A President Who Can “Dance with Siva”?

The Philadelphia Inquirer newspaper is an unlikely place to encounter a dissertation on Siva Nataraja–especially when it is written by the newspaper’s editorial page editor and explains why America would be better off if the country imbibed a bit more Hinduism and the next president learned to “Dance with Siva.” Chris Satullo is the surprising author of the piece, entitled “Center Square, Econ 101: Duality of Hinduism Could Help, ” which appeared in the March 14, 2004 edition of the popular newspaper.

“Here’s my problem with America’s now-raging debate on the economy: not enough Hinduism, ” he begins. “I’m a churchgoer myself. But I have to concede this: Christianity, in its simplistic (i.e., political) form, is prone to binary thinking: good/evil, white hat/black hat. Applied to the economy, this habit leads many folks to cling to specious couplets: corporations bad/unions good; tax cuts good/social spending bad. Think, by contrast, of Hindu philosophy. One of the chief Hindu Gods is a fellow named Siva. The Destroyer–that’s the moniker He mostly goes by. But another of His epithets is the Creator. Destroyer and Creator? How can that be?”

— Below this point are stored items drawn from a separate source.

lemma zero_in_ldual: "(\<lambda>c. 0) \<in> ldual lm"
  unfolding ldual_def by simp
lemma add_in_ldual: "f \<in> ldual lm \<Longrightarrow> g \<in> ldual lm \<Longrightarrow> (\<lambda>c. f c + g c) \<in> ldual lm"
  unfolding ldual_def by (simp add: algebra_simps)
lemma uminus_in_ldual: "f \<in> ldual lm \<Longrightarrow> (\<lambda>c. - f c) \<in> ldual lm"
  unfolding ldual_def by simp

locale R_coring =
  fixes lm :: "'r::ring_1 \<Rightarrow> 'c::ab_group_add \<Rightarrow> 'c"
    and rm :: "'c \<Rightarrow> 'r \<Rightarrow> 'c"
    and Dl :: "'c \<Rightarrow> ('c \<times> 'c) list"
    and eps :: "'c \<Rightarrow> 'r"
  assumes coring: "coring lm rm Dl eps"
begin

sublocale R_bimodule lm rm
  using coring unfolding coring_def by unfold_locales blast

lemma Dl_add: "teq2 lm rm (Dl (c + d)) (Dl c @ Dl d)"
  using coring unfolding coring_def by blast
lemma Dl_lm: "teq2 lm rm (Dl (lm r c)) (map (\<lambda>(a, b). (lm r a, b)) (Dl c))"
  using coring unfolding coring_def by blast
lemma Dl_rm: "teq2 lm rm (Dl (rm c r)) (map (\<lambda>(a, b). (a, rm b r)) (Dl c))"
  using coring unfolding coring_def by blast
lemma eps_add: "eps (c + d) = eps c + eps d"
  using coring unfolding coring_def by blast
lemma eps_lm: "eps (lm r c) = r * eps c"
  using coring unfolding coring_def by blast
lemma eps_rm: "eps (rm c r) = eps c * r"
  using coring unfolding coring_def by blast
lemma coassoc: "teq3 lm rm
        (concat (map (\<lambda>(a, b). map (\<lambda>(x, y). (x, y, b)) (Dl a)) (Dl c)))
        (concat (map (\<lambda>(a, b). map (\<lambda>(x, y). (a, x, y)) (Dl b)) (Dl c)))"
  using coring unfolding coring_def by blast
lemma counit_left: "(\<Sum>(a, b)\<leftarrow>Dl c. lm (eps a) b) = c"
  using coring unfolding coring_def by blast
lemma counit_right: "(\<Sum>(a, b)\<leftarrow>Dl c. rm a (eps b)) = c"
  using coring unfolding coring_def by blast

lemma eps_in_ldual: "eps \<in> ldual lm"
  unfolding ldual_def by (simp add: eps_add eps_lm)

lemma eps_mult_in_ldual: "(\<lambda>c. eps c * r) \<in> ldual lm"
  unfolding ldual_def by (simp add: eps_add eps_lm algebra_simps)

text \<open>For g \<in> *C the map (a, b) \<mapsto> a g(b) is biadditive and balanced, hence
  c \<mapsto> c \<cdot> g transports the bimodule-map axioms of Delta.\<close>
lemma teq2_cact_sum:
  assumes g: "g \<in> ldual lm" and "teq2 lm rm xs ys"
  shows "(\<Sum>(a, b)\<leftarrow>xs. rm a (g b)) = (\<Sum>(a, b)\<leftarrow>ys. rm a (g b))"
  by (rule teq2_sum[OF assms(2)])
    (simp_all add: rm_add rm_radd ldual_add[OF g] ldual_lm[OF g] rm_mult[symmetric])

lemma cact_add:
  assumes g: "g \<in> ldual lm"
  shows "cact rm Dl (c + d) g = cact rm Dl c g + cact rm Dl d g"
  using teq2_cact_sum[OF g Dl_add] by (simp add: cact_def)

lemma cact_zero: "g \<in> ldual lm \<Longrightarrow> cact rm Dl 0 g = 0"
  using cact_add[of g 0 0] by simp

lemma cact_sum_list:
  "g \<in> ldual lm \<Longrightarrow> cact rm Dl (sum_list xs) g = (\<Sum>x\<leftarrow>xs. cact rm Dl x g)"
  by (induction xs) (simp_all add: cact_add cact_zero)

lemma cact_lm:
  assumes g: "g \<in> ldual lm"
  shows "cact rm Dl (lm r c) g = lm r (cact rm Dl c g)"
  using teq2_cact_sum[OF g Dl_lm]
  by (simp add: cact_def lm_sum_list case_prod_unfold o_def lm_rm)

lemma cact_rm:
  assumes g: "g \<in> ldual lm"
  shows "cact rm Dl (rm c r) g = (\<Sum>(a, b)\<leftarrow>Dl c. rm a (g (rm b r)))"
  using teq2_cact_sum[OF g Dl_rm] by (simp add: cact_def case_prod_unfold o_def)

lemma cact_fun_add: "cact rm Dl c (\<lambda>x. f x + g x) = cact rm Dl c f + cact rm Dl c g"
  unfolding cact_def by (simp add: case_prod_unfold rm_radd sum_list_addf)

lemma cact_fun_zero: "cact rm Dl c (\<lambda>x. 0) = 0"
  unfolding cact_def by (simp add: case_prod_unfold)

lemma cact_fun_uminus: "cact rm Dl c (\<lambda>x. - f x) = - cact rm Dl c f"
  unfolding cact_def by (simp add: case_prod_unfold rm_uminus_right uminus_sum_list_map o_def)

lemma cact_eps: "cact rm Dl c eps = c"
  unfolding cact_def using counit_right .

lemma cact_eps_mult: "cact rm Dl c (\<lambda>x. eps x * r) = rm c r"
proof -
  have "cact rm Dl c (\<lambda>x. eps x * r) = (\<Sum>x\<leftarrow>map (\<lambda>(a, b). rm a (eps b)) (Dl c). rm x r)"
    unfolding cact_def by (simp add: case_prod_unfold o_def rm_mult)
  also have "\<dots> = rm c r"
    by (simp only: rm_sum_list[symmetric] counit_right)
  finally show ?thesis .
qed

lemma eps_cact:
  assumes g: "g \<in> ldual lm"
  shows "eps (cact rm Dl c g) = g c"
proof -
  have "eps (cact rm Dl c g) = (\<Sum>(a, b)\<leftarrow>Dl c. eps a * g b)"
    unfolding cact_def by (simp add: ldual_sum_list[OF eps_in_ldual] case_prod_unfold o_def eps_rm)
  also have "\<dots> = g (\<Sum>(a, b)\<leftarrow>Dl c. lm (eps a) b)"
    by (simp add: ldual_sum_list[OF g] case_prod_unfold o_def ldual_lm[OF g])
  also have "\<dots> = g c" by (simp only: counit_left)
  finally show ?thesis .
qed

lemma conv_in_ldual:
  assumes f: "f \<in> ldual lm" and g: "g \<in> ldual lm"
  shows "conv rm Dl f g \<in> ldual lm"
  unfolding ldual_def conv_def
  by (simp add: cact_add[OF f] cact_lm[OF f] ldual_add[OF g] ldual_lm[OF g])

text \<open>C is a right *C-module: (c \<cdot> f) \<cdot> g = c \<cdot> (f # g).  This is where
  coassociativity enters.\<close>
lemma cact_conv:
  assumes f: "f \<in> ldual lm" and g: "g \<in> ldual lm"
  shows "cact rm Dl (cact rm Dl c f) g = cact rm Dl c (conv rm Dl f g)"
proof -
  define \<Psi> where "\<Psi> = (\<lambda>(x::'c, y::'c, z::'c). rm x (g (rm y (f z))))"
  have "cact rm Dl (cact rm Dl c f) g = (\<Sum>(a, b)\<leftarrow>Dl c. \<Sum>(x, y)\<leftarrow>Dl a. rm x (g (rm y (f b))))"
    unfolding cact_def[of rm Dl c f] by (simp add: cact_sum_list[OF g] o_def case_prod_unfold cact_rm[OF g])
  also have "\<dots> = sum_list (map \<Psi> (concat (map (\<lambda>(a, b). map (\<lambda>(x, y). (x, y, b)) (Dl a)) (Dl c))))"
    by (simp add: sum_list_concat_map \<Psi>_def o_def case_prod_unfold)
  also have "\<dots> = sum_list (map \<Psi> (concat (map (\<lambda>(a, b). map (\<lambda>(x, y). (a, x, y)) (Dl b)) (Dl c))))"
    by (rule teq3_sum[OF coassoc])
      (simp_all add: \<Psi>_def rm_add rm_radd ldual_add[OF g] ldual_add[OF f] ldual_lm[OF g]
        ldual_lm[OF f] rm_mult[symmetric] lm_rm)
  also have "\<dots> = (\<Sum>(a, b)\<leftarrow>Dl c. \<Sum>(x, y)\<leftarrow>Dl b. rm a (g (rm x (f y))))"
    by (simp add: sum_list_concat_map \<Psi>_def o_def case_prod_unfold)
  also have "\<dots> = cact rm Dl c (conv rm Dl f g)"
    unfolding cact_def[of rm Dl c] conv_def cact_def[of rm Dl _ f]
    by (simp add: ldual_sum_list[OF g] rm_sum_list_right o_def case_prod_unfold)
  finally show ?thesis .
qed

lemma conv_add_left:
  assumes "a \<in> ldual lm" "b \<in> ldual lm" "f \<in> ldual lm"
  shows "conv rm Dl (\<lambda>c. a c + b c) f = (\<lambda>c. conv rm Dl a f c + conv rm Dl b f c)"
  using assms by (simp add: conv_def cact_fun_add ldual_add fun_eq_iff)

lemma conv_add_right: "conv rm Dl a (\<lambda>c. f c + g c) = (\<lambda>c. conv rm Dl a f c + conv rm Dl a g c)"
  by (simp add: conv_def)

lemma conv_assoc:
  assumes "a \<in> ldual lm" "f \<in> ldual lm" "g \<in> ldual lm"
  shows "conv rm Dl a (conv rm Dl f g) = conv rm Dl (conv rm Dl a f) g"
  using assms cact_conv[unfolded conv_def] by (simp add: conv_def fun_eq_iff)

lemma conv_eps: "a \<in> ldual lm \<Longrightarrow> conv rm Dl a eps = a"
  by (simp add: conv_def eps_cact fun_eq_iff)

section \<open>Right *C-modules and their rational parts\<close>

context
  fixes M :: "('m, 'c, 'r) rmod"
  assumes M: "rmodule lm rm Dl eps M"
begin

lemma rmod_zero_in: "mzero M \<in> mcarrier M"
  using M unfolding rmodule_def by blast
lemma rmod_add_in: "x \<in> mcarrier M \<Longrightarrow> y \<in> mcarrier M \<Longrightarrow> madd M x y \<in> mcarrier M"
  using M unfolding rmodule_def by auto
lemma rmod_neg_in: "x \<in> mcarrier M \<Longrightarrow> mneg M x \<in> mcarrier M"
  using M unfolding rmodule_def by blast
lemma rmod_assoc: "x \<in> mcarrier M \<Longrightarrow> y \<in> mcarrier M \<Longrightarrow> z \<in> mcarrier M \<Longrightarrow>
    madd M (madd M x y) z = madd M x (madd M y z)"
  using M unfolding rmodule_def by blast
lemma rmod_comm: "x \<in> mcarrier M \<Longrightarrow> y \<in> mcarrier M \<Longrightarrow> madd M x y = madd M y x"
  using M unfolding rmodule_def by blast
lemma rmod_zero_add: "x \<in> mcarrier M \<Longrightarrow> madd M (mzero M) x = x"
  using M unfolding rmodule_def by blast
lemma rmod_neg_add: "x \<in> mcarrier M \<Longrightarrow> madd M (mneg M x) x = mzero M"
  using M unfolding rmodule_def by blast
lemma rmod_act_in: "x \<in> mcarrier M \<Longrightarrow> f \<in> ldual lm \<Longrightarrow> mact M x f \<in> mcarrier M"
  using M unfolding rmodule_def by blast
lemma rmod_act_add: "x \<in> mcarrier M \<Longrightarrow> y \<in> mcarrier M \<Longrightarrow> f \<in> ldual lm \<Longrightarrow>
    mact M (madd M x y) f = madd M (mact M x f) (mact M y f)"
  using M unfolding rmodule_def by blast
lemma rmod_act_fun_add: "x \<in> mcarrier M \<Longrightarrow> f \<in> ldual lm \<Longrightarrow> g \<in> ldual lm \<Longrightarrow>
    mact M x (\<lambda>c. f c + g c) = madd M (mact M x f) (mact M x g)"
  using M unfolding rmodule_def by blast
lemma rmod_act_conv: "x \<in> mcarrier M \<Longrightarrow> f \<in> ldual lm \<Longrightarrow> g \<in> ldual lm \<Longrightarrow>
    mact M x (conv rm Dl f g) = mact M (mact M x f) g"
  using M unfolding rmodule_def by blast
lemma rmod_act_eps: "x \<in> mcarrier M \<Longrightarrow> mact M x eps = x"
  using M unfolding rmodule_def by blast
lemma coherence_fraction_qubit:
  assumes "qubit_state \<rho>"
  shows "coherence_fraction \<rho> = 1/2 + cmod (\<rho> $$ (0, 1))"
  unfolding coherence_fraction_def
proof (rule cSup_eq_maximum)
  define c where "c = \<rho> $$ (0, 1)"
  obtain t0 t1 where t: "t0 \<in> {0..2*pi}" "t1 \<in> {0..2*pi}" "t1 - t0 = - Arg c"
  proof (cases "Arg c \<le> 0")
    case True
    then show ?thesis using Arg_bounded[of c] by (intro that[of 0 "- Arg c"]) auto
  next
    case False
    then show ?thesis using Arg_bounded[of c] by (intro that[of "Arg c" 0]) auto
  qed
  then have "max_coh_vec t0 t1 \<in> max_coherent_states"
    unfolding max_coherent_states_def by blast
  moreover have "1/2 + cmod c = Re (expval \<rho> (max_coh_vec t0 t1))"
    unfolding Re_expval_max_coh_vec[OF assms] c_def[symmetric] t(3) mult_cis_neg_Arg by simp
  ultimately show "1/2 + cmod (\<rho> $$ (0, 1)) \<in> (\<lambda>\<phi>. Re (expval \<rho> \<phi>)) ` max_coherent_states"
    unfolding c_def by blast
next
  fix x assume "x \<in> (\<lambda>\<phi>. Re (expval \<rho> \<phi>)) ` max_coherent_states"
  then obtain t0 t1 where x: "x = Re (expval \<rho> (max_coh_vec t0 t1))"
    unfolding max_coherent_states_def by blast
  have "Re (\<rho> $$ (0, 1) * cis (t1 - t0)) \<le> cmod (\<rho> $$ (0, 1) * cis (t1 - t0))"
    by (rule complex_Re_le_cmod)
  then show "x \<le> 1/2 + cmod (\<rho> $$ (0, 1))"
    unfolding x Re_expval_max_coh_vec[OF assms] by (simp add: norm_mult)
qed

lemma qubit_state_half_diagonal:
  assumes "cmod b \<le> 1/2"
  shows "qubit_state (mat 2 2 (\<lambda>(i, j). if i = j then 1/2 else if i = 0 then b else cnj b))"
    (is "qubit_state ?\<tau>")
  unfolding qubit_state_def density_matrix_def
proof (intro conjI ballI)
  show carrier: "?\<tau> \<in> carrier_mat 2 2" by simp
  show "mat_adjoint ?\<tau> = ?\<tau>"
    unfolding mat_adjoint_eq_iff[OF carrier] by (auto simp: less_2_cases_iff)
  show "(\<Sum>i<2. ?\<tau> $$ (i, i)) = 1"
    by (simp add: numeral_2_eq_2 lessThan_Suc)
  fix v :: "complex vec" assume v: "v \<in> carrier_vec 2"
  define x y where "x = v $ 0" and "y = v $ 1"
  define z where "z = cnj x * b * y"
  have "expval ?\<tau> v = (cnj x * x + cnj y * y) / 2 + (z + cnj z)"
    unfolding expval_2[OF v] x_def y_def z_def by (simp add: algebra_simps)
  then have "Re (expval ?\<tau> v) = ((cmod x)\<^sup>2 + (cmod y)\<^sup>2) / 2 + 2 * Re z"
    by (simp add: cmod_power2) (simp add: power2_eq_square)
  moreover have "- (cmod x * cmod y / 2) \<le> Re z"
  proof -
    have "cmod x * cmod b * cmod y \<le> cmod x * (1/2) * cmod y"
      using assms by (intro mult_right_mono mult_left_mono) auto
    then show ?thesis
      using abs_Re_le_cmod[of z] unfolding z_def by (simp add: norm_mult)
  qed
  moreover have "cmod x * cmod y \<le> ((cmod x)\<^sup>2 + (cmod y)\<^sup>2) / 2"
    using sum_squares_bound[of "cmod x" "cmod y"] by simp
  ultimately show "0 \<le> Re (expval ?\<tau> v)"
    by linarith
qed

With a decent grasp of Saivite theology, he goes on, “Well, Siva embodies a central paradox of life. To create the new, you must destroy the old. To create fire, you must destroy wood. To make oil, animals must die. For the automobile to prevail, blacksmiths must suffer. For Bill Gates to rise, the typewriter repairman must fall. Siva destroys; Siva creates.”

He applies this concept to the development of capitalism in America. “Look back over America’s long love affair with free-market capitalism. The net result clearly has been more wealth and more health for more people. This is so, even though the ledger includes much suffering, injustice, inequality and corruption, much strain on families and on nature. The point is: free-market capitalism is Siva. It is neither all good nor all bad; it is what it is, at once creative and destructive. The point is: The job of government is not to ‘run’ the economy. Siva does not submit to a harness. Much waste and mischief occur under that delusion. Yet, neither is it government’s role just to worship free-market capitalism, to hand over the keys. Capitalism can do too much damage to public goods. In a democratic republic, those goods should be valued more than mere wealth. They include little things such as, oh, justice, equal opportunity, stable communities, education, health care, parks, clean air. Government’s job is to defend and expand those public goods. Free markets make that job harder, because their mania for efficiency and innovation creates victims and inequalities. Yet free markets also make that job possible, by generating wealth and innovation which government can tap to heal victims and foster public goods. Any leader worthy of the name must master this dualism. A good leader needs some Hindu in him.”

Satullo goes on to criticize President Bush as “rigid ” and a worshiper of capitalism. “Not only isn’t he much of a Hindu; he needs work on the Christian thing, too, ” concludes Satullo–because, in his opinion, the President isn’t showing enough mercy towards those hurt by economic problems. Satullo takes a few equalizing swipes at the Democrats, then concludes his piece. “God, I miss Bill Clinton, even more than I want to slap him. He was the Democrat who got it, who mastered the Hindu dualism. He knew that, in the long run, you hurt working people by attacking free trade and innovation. But he also saw that it is an unpardonable breach of faith to ignore the harm those forces do to some workers in the short run. Even Clinton wasn’t smart enough to predict today’s dilemma. He didn’t anticipate off-shoring, didn’t see that Bangalore might soon start eating San Jose’s lunch. Maybe off-shoring is just a ripplet that hysteria has hyped into a tsunami. That is a Democratic habit, after all. I’m not smart enough to know. What worries me is none of the guys running for president seems to be either. I’m looking for a sign, for someone who knows how to dance with Siva.”

The editorial is a welcome change from a general trend in the Western press to use or refer to Hindu metaphors, concepts and imagery in demeaning and derogatory ways. There is the common phrase in economics itself, “the Hindu rate of growth.” The term refers to India’s post-independence Gross National Product growth rate of two to three percent a year under Nehru’s socialism. It was the slowest in the region, and a pattern which only accelerated in the 1980s. One never hears of a “Muslim rate of growth ” to describe Pakistan’s economy, or a “Christian rate of growth ” to describe Haiti’s, both with lower GNP’s than India. Our kudos go to editor Satullo for an insightful and useful application of Hindu philosophy to the problems of modern America.”